Professional (Pro) career
- Pro-debut: 1980 Miss Virginia Beach Champion; 1980;
- Best win: Pro World Championships; 1980-1983;
- Active: Retired 1988

= Lynn Conkwright =

American bodybuilder

Lynn Conkwright (May 30, 1954 - June 14, 2017) was a professional female bodybuilder from the United States.

==Biography==
Lynn was born on May 30, 1954, in Norfolk, Virginia. Conkwright trained for eight years in gymnastics, and won the Virginia State Gymnastics Championships. She began weight training to improve her gymnastics.

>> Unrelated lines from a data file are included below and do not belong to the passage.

text \<open>\<open>\<lambda> / (1 + \<lambda> s)\<close> is the hazard rate of the first arrival of a GCP of intensity \<open>\<lambda>\<close>,
  whose survival function is \<open>1 / (1 + \<lambda> s)\<close>.\<close>

lemma hazard_approx_inverse:
  fixes lam a s :: real
  assumes "0 < lam" "0 < a" "a \<le> s"
  shows "\<bar>lam / (1 + lam * s) - 1 / s\<bar> \<le> 1 / (lam * a\<^sup>2)"
proof -
  have s: "0 < s" using assms by simp
  have "1 + lam * s > 0" using assms s by (simp add: add_pos_pos)
  then have "lam / (1 + lam * s) - 1 / s = - (1 / (s * (1 + lam * s)))"
    using s by (simp add: field_simps)
  then have "\<bar>lam / (1 + lam * s) - 1 / s\<bar> = 1 / (s * (1 + lam * s))"
    using \<open>1 + lam * s > 0\<close> s by simp
  also have "\<dots> \<le> 1 / (a * (lam * a))"
  proof (rule divide_left_mono)
    have "lam * a \<le> 1 + lam * s" using assms mult_left_mono[of a s lam] by linarith
    then show "a * (lam * a) \<le> s * (1 + lam * s)"
      using assms by (auto intro!: mult_mono)
    show "0 < s * (1 + lam * s) * (a * (lam * a))"
      using assms \<open>1 + lam * s > 0\<close> by simp
  qed simp
  finally show ?thesis by (simp add: power2_eq_square mult_ac)
qed

lemma hazard_tendsto_inverse:
  fixes s :: real
  assumes "0 < s"
  shows "((\<lambda>lam. lam / (1 + lam * s)) \<longlongrightarrow> 1 / s) at_top"
  unfolding inverse_eq_divide[symmetric] using assms by real_asymp
section \<open>The gradient field of the game\<close>

text \<open>For j \<noteq> i one has gamma q j = (1 - q$i) * q$j * \<Prod>k\<notin>{i,j}. (1 - q$k), so the other
  players' throughput is \<Sum>j\<noteq>i. gamma q j = (1 - q$i) * gamma_rest q i, where gamma_rest q i
  does not depend on q$i.\<close>
definition gamma_rest :: "real^'n \<Rightarrow> 'n \<Rightarrow> real" where
  "gamma_rest q i = (\<Sum>j\<in>UNIV-{i}. q$j * (\<Prod>k\<in>UNIV-{j}-{i}. 1 - q$k))"

definition field_formula :: "real \<Rightarrow> real \<Rightarrow> real \<Rightarrow> real^'n \<Rightarrow> real^'n" where
  "field_formula C A M q =
     (\<chi> i. C / q$i - A / (real CARD('n) - 1) * (alpha q i * gamma_rest q i) - M)"

lemma alpha_upd_same: "alpha (upd q i x) i = alpha q i"
  unfolding alpha_def upd_def by (intro prod.cong) auto

lemma alpha_pos: "(\<And>j. q$j < 1) \<Longrightarrow> 0 < alpha q i"
  unfolding alpha_def by (intro prod_pos) auto

lemma gamma_upd_other:
  assumes "j \<noteq> i"
  shows "gamma (upd q i x) j = (1 - x) * (q$j * (\<Prod>k\<in>UNIV-{j}-{i}. 1 - q$k))"
proof -
  have "(\<Prod>k\<in>UNIV-{j}. 1 - upd q i x $ k)
      = (1 - upd q i x $ i) * (\<Prod>k\<in>UNIV-{j}-{i}. 1 - upd q i x $ k)"
    using assms by (intro prod.remove) auto
  also have "(\<Prod>k\<in>UNIV-{j}-{i}. 1 - upd q i x $ k) = (\<Prod>k\<in>UNIV-{j}-{i}. 1 - q $ k)"
    by (intro prod.cong) (auto simp: upd_def)
  finally show ?thesis
    using assms unfolding gamma_def by (simp add: upd_def)
qed

lemma V_upd_eq:
  fixes q :: "real^'n"
  shows "V C A M (upd q i x) i =
     C * ln (x * alpha q i) + A * alpha q i * (1 / (real CARD('n) - 1) * ((1 - x) * gamma_rest q i))
       - M * x"
proof -
  have "gamma (upd q i x) i = x * alpha q i"
    using alpha_upd_same[of q i x] unfolding gamma_def alpha_def by (simp add: upd_def)
  moreover have "(\<Sum>j\<in>UNIV-{i}. gamma (upd q i x) j) = (1 - x) * gamma_rest q i"
    unfolding gamma_rest_def sum_distrib_left by (intro sum.cong) (auto simp: gamma_upd_other)
  ultimately show ?thesis
    unfolding V_def gamma_bar_def alpha_upd_same by (simp add: upd_def)
qed

lemma V_upd_has_real_derivative:
  fixes q :: "real^'n"
  assumes "0 < x" and "0 < alpha q i"
  shows "((\<lambda>x. V C A M (upd q i x) i) has_real_derivative
           C / x - A / (real CARD('n) - 1) * (alpha q i * gamma_rest q i) - M) (at x)"
proof -
  define K where "K = 1 / (real CARD('n) - 1)"
  have "((\<lambda>x. C * ln (x * alpha q i) + A * alpha q i * (K * ((1 - x) * gamma_rest q i)) - M * x)
     has_real_derivative C * (alpha q i / (x * alpha q i))
       + A * alpha q i * (K * ((0 - 1) * gamma_rest q i)) - M * 1) (at x)"
    using assms by (auto intro!: derivative_eq_intros)
  moreover have "alpha q i / (x * alpha q i) = 1 / x"
    using assms by simp
  ultimately show ?thesis
    unfolding V_upd_eq K_def[symmetric] by (simp add: K_def algebra_simps)
qed

lemma field_eq_field_formula:
  assumes "\<And>j. 0 < q$j \<and> q$j < 1"
  shows "field C A M q = field_formula C A M q"
  using assms
  by (simp add: vec_eq_iff field_def field_formula_def
      DERIV_imp_deriv[OF V_upd_has_real_derivative] alpha_pos)

lemma field_formula_eq_0_if_nash:
  assumes "nash C A M p"
  shows "field_formula C A M p = 0"
proof (subst vec_eq_iff, intro allI)
  fix i
  have p: "0 < p$k \<and> p$k < 1" for k
    using assms unfolding nash_def by auto
  define d where "d = min (p$i) (1 - p$i)"
  have "0 < d"
    unfolding d_def using p[of i] by simp
  moreover have "((\<lambda>x. V C A M (upd p i x) i) has_real_derivative field_formula C A M p $ i) (at (p$i))"
    using V_upd_has_real_derivative[of "p$i" p i] alpha_pos[of p i] p
    by (simp add: field_formula_def)
  moreover have "upd p i (p$i) = p"
    unfolding upd_def by (simp add: vec_eq_iff)
  moreover have "V C A M (upd p i y) i \<le> V C A M p i" if "\<bar>p$i - y\<bar> < d" for y
  proof -
    have "0 < y" "y < 1"
      using that unfolding d_def by auto
    then show ?thesis
      using assms unfolding nash_def by blast
  qed
  ultimately show "field_formula C A M p $ i = 0 $ i"
    using DERIV_local_max by (metis zero_index)
qed

lemma gamma_rest_term_eq_prod:
  fixes q :: "real^'n"
  assumes "j \<noteq> i"
  shows "q$j * (\<Prod>k\<in>UNIV-{j}-{i}. 1 - q$k) = (\<Prod>k\<in>UNIV-{i}. if k = j then q$k else 1 - q$k)"
proof -
  have "(\<Prod>k\<in>UNIV-{i}. if k = j then q$k else 1 - q$k)
      = q$j * (\<Prod>k\<in>UNIV-{i}-{j}. if k = j then q$k else 1 - q$k)"
    using assms by (subst prod.remove[of _ j]) auto
  also have "(\<Prod>k\<in>UNIV-{i}-{j}. if k = j then q$k else 1 - q$k) = (\<Prod>k\<in>UNIV-{j}-{i}. 1 - q$k)"
    by (intro prod.cong) auto
  finally show ?thesis
    by simp
qed

lemma alpha_bounds: "(\<And>k. q$k \<in> {0..1}) \<Longrightarrow> 0 \<le> alpha q i \<and> alpha q i \<le> 1"
  unfolding alpha_def by (auto intro: prod_nonneg prod_le_1)

lemma alpha_diff_abs_le:
  assumes "\<And>k. q$k \<in> {0..1}" and "\<And>k. q'$k \<in> {0..1}"
  shows "\<bar>alpha q i - alpha q' i\<bar> \<le> (\<Sum>k\<in>UNIV-{i}. \<bar>q$k - q'$k\<bar>)"
proof -
  have "\<bar>alpha q i - alpha q' i\<bar> \<le> (\<Sum>k\<in>UNIV-{i}. \<bar>(1 - q$k) - (1 - q'$k)\<bar>)"
    unfolding alpha_def using assms by (intro prod_diff_abs_le) auto
  then show ?thesis
    by (simp add: abs_minus_commute)
qed

lemma gamma_rest_term_bounds:
  fixes q :: "real^'n"
  assumes "\<And>k. q$k \<in> {0..1}" and "j \<noteq> i"
  shows "0 \<le> q$j * (\<Prod>k\<in>UNIV-{j}-{i}. 1 - q$k) \<and> q$j * (\<Prod>k\<in>UNIV-{j}-{i}. 1 - q$k) \<le> 1"
proof -
  have "0 \<le> (if k = j then q$k else 1 - q$k) \<and> (if k = j then q$k else 1 - q$k) \<le> 1" for k
    using assms(1)[of k] by auto
  then show ?thesis
    unfolding gamma_rest_term_eq_prod[OF assms(2)] by (auto intro: prod_nonneg prod_le_1)
qed

lemma gamma_rest_term_diff_abs_le:
  fixes q q' :: "real^'n"
  assumes "\<And>k. q$k \<in> {0..1}" and "\<And>k. q'$k \<in> {0..1}" and "j \<noteq> i"
  shows "\<bar>q$j * (\<Prod>k\<in>UNIV-{j}-{i}. 1 - q$k) - q'$j * (\<Prod>k\<in>UNIV-{j}-{i}. 1 - q'$k)\<bar>
           \<le> (\<Sum>k\<in>UNIV-{i}. \<bar>q$k - q'$k\<bar>)"
proof -
  have "\<bar>q$j * (\<Prod>k\<in>UNIV-{j}-{i}. 1 - q$k) - q'$j * (\<Prod>k\<in>UNIV-{j}-{i}. 1 - q'$k)\<bar>
      \<le> (\<Sum>k\<in>UNIV-{i}. \<bar>(if k = j then q$k else 1 - q$k) - (if k = j then q'$k else 1 - q'$k)\<bar>)"
    unfolding gamma_rest_term_eq_prod[OF assms(3)] by (rule prod_diff_abs_le) (use assms(1,2) in auto)
  also have "\<dots> = (\<Sum>k\<in>UNIV-{i}. \<bar>q$k - q'$k\<bar>)"
    by (intro sum.cong) (auto simp: abs_minus_commute)
  finally show ?thesis .
qed

lemma gamma_rest_bounds:
  fixes q :: "real^'n"
  assumes "\<And>k. q$k \<in> {0..1}"
  shows "0 \<le> gamma_rest q i \<and> gamma_rest q i \<le> real CARD('n) - 1"
proof -
  have "gamma_rest q i \<le> real (card (UNIV - {i})) * 1"
    unfolding gamma_rest_def using gamma_rest_term_bounds[OF assms] by (intro sum_bounded_above) auto
  moreover have "0 \<le> gamma_rest q i"
    unfolding gamma_rest_def using gamma_rest_term_bounds[OF assms] by (intro sum_nonneg) auto
  ultimately show ?thesis
    by (simp add: real_card_UNIV_Diff_singleton)
qed

lemma gamma_rest_diff_abs_le:
  fixes q q' :: "real^'n"
  assumes "\<And>k. q$k \<in> {0..1}" and "\<And>k. q'$k \<in> {0..1}"
  shows "\<bar>gamma_rest q i - gamma_rest q' i\<bar> \<le> (real CARD('n) - 1) * (\<Sum>k\<in>UNIV-{i}. \<bar>q$k - q'$k\<bar>)"
proof -
  have "\<bar>gamma_rest q i - gamma_rest q' i\<bar>
      \<le> (\<Sum>j\<in>UNIV-{i}. \<bar>q$j * (\<Prod>k\<in>UNIV-{j}-{i}. 1 - q$k) - q'$j * (\<Prod>k\<in>UNIV-{j}-{i}. 1 - q'$k)\<bar>)"
    unfolding gamma_rest_def sum_subtractf[symmetric] by (rule sum_abs)
  also have "\<dots> \<le> real (card (UNIV - {i})) * (\<Sum>k\<in>UNIV-{i}. \<bar>q$k - q'$k\<bar>)"
    using gamma_rest_term_diff_abs_le[OF assms] by (intro sum_bounded_above) auto
  finally show ?thesis
    by (simp add: real_card_UNIV_Diff_singleton)
qed

lemma alpha_gamma_rest_diff_abs_le:
  fixes q q' :: "real^'n"
  assumes "\<And>k. q$k \<in> {0..1}" and "\<And>k. q'$k \<in> {0..1}"
  shows "\<bar>alpha q i * gamma_rest q i - alpha q' i * gamma_rest q' i\<bar>
           \<le> 2 * (real CARD('n) - 1) * (\<Sum>k\<in>UNIV-{i}. \<bar>q$k - q'$k\<bar>)"
proof -
  define s where "s = (\<Sum>k\<in>UNIV-{i}. \<bar>q$k - q'$k\<bar>)"
  have "\<bar>alpha q i * gamma_rest q i - alpha q' i * gamma_rest q' i\<bar>
      \<le> \<bar>alpha q i - alpha q' i\<bar> * \<bar>gamma_rest q i\<bar> + \<bar>alpha q' i\<bar> * \<bar>gamma_rest q i - gamma_rest q' i\<bar>"
    by (rule abs_mult_diff_le)
  also have "\<dots> \<le> s * (real CARD('n) - 1) + 1 * ((real CARD('n) - 1) * s)"
    using alpha_diff_abs_le[OF assms, of i] alpha_bounds[OF assms(2), of i]
      gamma_rest_bounds[OF assms(1), of i] gamma_rest_diff_abs_le[OF assms, of i]
    unfolding s_def by (intro add_mono mult_mono) auto
  finally show ?thesis
    unfolding s_def by (simp add: algebra_simps)
qed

Despite her small stature (5' tall and just over 100 pounds), she was one of the top professional competitors in the early 1980s. During her competitive career she became known for her incredible flexibility during her performances. Her greatest success was winning the 1981 Pro World Championship. She also won the couples competition with Chris Dickerson in the same contest. Lynn competed in the first six Ms. Olympia contests (the only other woman to do so was Carolyn Cheshire), twice finishing as high as third.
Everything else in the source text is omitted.